NO SABEMOS NADA (DE VENEZUELA)
Me irrita que la pareja de venezolanos que cohabita la acera de mi supermercado no se acuerde de que hace tres días le di cinco mil pesos. Me explico: los cinco mil me importan poco, lo que me molesta es que me miren pero no me reconozcan. Yo los reconozco.
No tengo ni idea quiénes son, por supuesto, pero sé quiénes son y con esto me refiero a que ahora me son familiares porque los he guardado en mi cajón mental que está rotulado como “Venezuela”, y allí comparten espacio con fragmentos de telenovelas, el estribillo de “¡Caracas, Caracas, cómo me gusta esa ciudad!”, Alicia Machado…
La verdad les confieso que me avergüenza mi cajón de “Venezuela” porque, al igual que la pareja frente al supermercado, sé más bien muy poco de este país aunque algunos “recortes” cogidos aquí y allá me hagan pensar que no es para mí un lugar desconocido. Pero quiero esculcar en mi cabeza un poco más y encuentro otros recortes que, imagino, pego en una pared y con ellos dibujo un patrón o un mapa que, a fuerza de nunca haber pisado “la pequeña Venecia”, se ha convertido en mi cabeza en un territorio.
Cuando era muy joven, en mi casa estaba el libro Casas muertas, de Miguel Otero Silva, y recuerdo haber estado mucho tiempo conmovido por la suerte del pequeño pueblo llanero que se quedaba vacío, a lo que ahora pienso que había algo de profético en todo ello. Esa primera imagen literaria del llano gigante, caliente, la pude haber complementado con Doña Bárbara, la gran novela modernista que ponen a leer en todos los colegios… excepto en el mío, que estaba muy poco interesado por Venezuela y su canon literario. ¿Quién leía en esa época a Miguel Otero Silva o a José Antonio Ramos? Nadie. Algo, pero muy poco, a Uslar Pietri. A lo que voy es que luego esa imagen del llano quedó relegada en mi cabeza gracias a un compañero venezolano que tuve en París. Nos unía un vago sentimiento latinoamericano y la precariedad estudiantil. Este
compañero tenía por héroe nacional y tema de conversación recurrente a Carlos Raúl Villanueva, arquitecto venezolano también formado en Francia, y ¡voila!, Venezuela dejó de ser para mí el llano melancólico para ser los estilizados edificios, la deslumbrante Ciudad Universitaria de Caracas que es patrimonio de la humanidad, las avenidas, el concreto, el futuro, la modernidad que deslumbró también (y esto lo vine a saber mucho después) al fotógrafo colombiano Leo Matiz.

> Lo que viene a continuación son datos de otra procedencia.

(* Let $\alpha>0$, let $W$ be a standard Brownian motion, and let $X$ solve $dX_t=-\alpha X_t\,dt+dW_t$, $X_0=0$. Let $X^*_t=\sup_{0\le s\le t}|X_s|$. There exists a function $\phi:\mathbb{R}_+\to\mathbb{R}_+$ satisfying $\phi(\delta)\to0$ as $\delta\to0$ such that for any $t\ge1$ and $\delta>0$, \[ \mathbb{P}\big(X^*_t<\delta\log^{1/2}t\big)\le \phi(\delta). \] *)

theory Defs
  imports "HOL-Probability.Probability"
begin

definition brownian_motion :: "'a measure \<Rightarrow> (real \<Rightarrow> 'a \<Rightarrow> real) \<Rightarrow> bool" where
  "brownian_motion M W \<longleftrightarrow>
     prob_space M \<and>
     (\<forall>\<omega>\<in>space M. W 0 \<omega> = 0) \<and>
     (\<forall>\<omega>\<in>space M. continuous_on {0..} (\<lambda>t. W t \<omega>)) \<and>
     (\<forall>s t. 0 \<le> s \<and> s < t \<longrightarrow>
        distributed M lborel (\<lambda>\<omega>. W t \<omega> - W s \<omega>) (normal_density 0 (sqrt (t - s)))) \<and>
     (\<forall>ts :: real list. sorted ts \<and> (\<forall>t\<in>set ts. 0 \<le> t) \<longrightarrow>
        prob_space.indep_vars M (\<lambda>_. borel)
          (\<lambda>i \<omega>. W (ts ! Suc i) \<omega> - W (ts ! i) \<omega>) {..<length ts - 1})"

definition running_abs_max :: "(real \<Rightarrow> 'a \<Rightarrow> real) \<Rightarrow> real \<Rightarrow> 'a \<Rightarrow> real" where
  "running_abs_max X t \<omega> = (SUP s\<in>{0..t}. \<bar>X s \<omega>\<bar>)"

end

(* On the event X*_t < \<delta> sqrt (ln t) the equation X_t = - \<alpha> \<integral>X + W_t bounds every unit
   increment W(k+1) - W(k), k < \<lfloor>t\<rfloor>, by a = (2 + \<alpha>) \<delta> sqrt (ln t).  These increments are
   independent standard Gaussians, each lying in [-a, a] with probability at most
   min a (1 - exp (- a\<^sup>2) / 9).  Write c = (2 + \<alpha>) \<delta>, the only interesting case being c \<le> 1/2.
   If ln t \<le> 1/c the first bound gives a \<le> sqrt c; otherwise t is so large that the product
   of the second bounds is at most exp (- sqrt t / 18) \<le> 36 c.  Hence
   \<phi> \<delta> = 36 sqrt ((2 + \<alpha>) \<delta>) works. *)

theory Submission
  imports Defs
begin

(* Bound for the standard Gaussian mass of [-a, a]: the density is at most 1/2, and the
   mass of (a, a + 1] is at least exp (- a\<^sup>2) / 9. *)

definition normal_ball_bound :: "real \<Rightarrow> real" where
  "normal_ball_bound a = min a (1 - exp (- a\<^sup>2) / 9)"

lemma normal_ball_bound_nonneg: "0 \<le> a \<Longrightarrow> 0 \<le> normal_ball_bound a"
proof -
  assume "0 \<le> a"
  moreover have "exp (- a\<^sup>2) \<le> 1" by simp
  ultimately show ?thesis unfolding normal_ball_bound_def by linarith
qed

lemma normal_ball_bound_le_one: "normal_ball_bound a \<le> 1"
  unfolding normal_ball_bound_def using exp_gt_zero[of "- a\<^sup>2"] by linarith

lemma std_normal_density_le_half: "std_normal_density x \<le> 1/2"
proof -
  have "2 \<le> sqrt (2*pi)" using pi_gt3 by (simp add: real_le_rsqrt)
  hence "1 / sqrt (2*pi) \<le> 1/2" by (simp add: field_simps)
  moreover have "exp (- x\<^sup>2 / 2) \<le> 1" by simp
  ultimately show ?thesis unfolding std_normal_density_def
    using mult_mono[of "1 / sqrt (2*pi)" "1/2" "exp (- x\<^sup>2 / 2)" 1] by simp
qed

lemma std_normal_density_ge:
  assumes "0 \<le> a" "a \<le> x" "x \<le> a + 1"
  shows "exp (- a\<^sup>2) / 9 \<le> std_normal_density x"
proof -
  have "sqrt (2*pi) \<le> 3" using pi_less_4 by (simp add: real_sqrt_le_iff real_le_lsqrt)
  hence c: "1/3 \<le> 1 / sqrt (2*pi)" by (simp add: field_simps)
  have "x\<^sup>2 \<le> (a+1)\<^sup>2" using assms by (simp add: power_mono)
  also have "\<dots> \<le> 2*a\<^sup>2 + 2" using zero_le_square[of "a-1"] by (simp add: power2_eq_square algebra_simps)
  finally have "exp (- a\<^sup>2 - 1) \<le> exp (- x\<^sup>2 / 2)" by simp
  moreover have "exp (- a\<^sup>2) / 3 \<le> exp (- a\<^sup>2) / exp 1"
    using exp_le by (intro divide_left_mono) auto
  moreover have "exp (- a\<^sup>2 - 1) = exp (- a\<^sup>2) / exp 1" by (simp add: exp_diff)
  ultimately have "exp (- a\<^sup>2) / 3 \<le> exp (- x\<^sup>2 / 2)" by linarith
  then have "(1/3) * (exp (- a\<^sup>2) / 3) \<le> (1 / sqrt (2*pi)) * exp (- x\<^sup>2 / 2)"
    using c by (intro mult_mono) auto
  then show ?thesis unfolding std_normal_density_def by simp
qed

Otra imagen que conservo es la de mi padre eufórico después de ver una película venezolana, El pez que fuma, de Román Chalbaud. La busqué en mi adolescencia cinematográfica pero era inconseguible. Por cierto, ¿cómo es el cine venezolano de hoy? ¿A qué sabe su literatura de exilio? ¿Quién quiere ir a un Salón de artistas en Caracas para contarnos qué se ve? ¿Hay Salón de artistas? ¿Dónde están las obras? Hay un cuadro pequeño en la colección del Banco de la República compuesta de líneas onduladas azules que caen verticalmente, y su autor es el venezolano Carlos Cruz-diez, que murió hace unos días. Miro ahora mismo una imagen digital de la obra y siento algo de tristeza, pues quiero identificar en esas líneas un paisaje “venezonalizante” pero me pierdo en su abstracción. A lo mejor tal abstracción, tal confusión, pueda sumarlas como recorte a mi muro para escribir alrededor de este, que al igual que la imagen, a Venezuela también hay que estudiarla como una figura provocadora y desconocida para evitar tanto lugar común. Ese lugar común que trivializa al inmigrante, a mi inmigrante que hoy tarda en reconocerme. Al inmigrante que somos todos, en este mundo descuadernado y ciertamente cruel.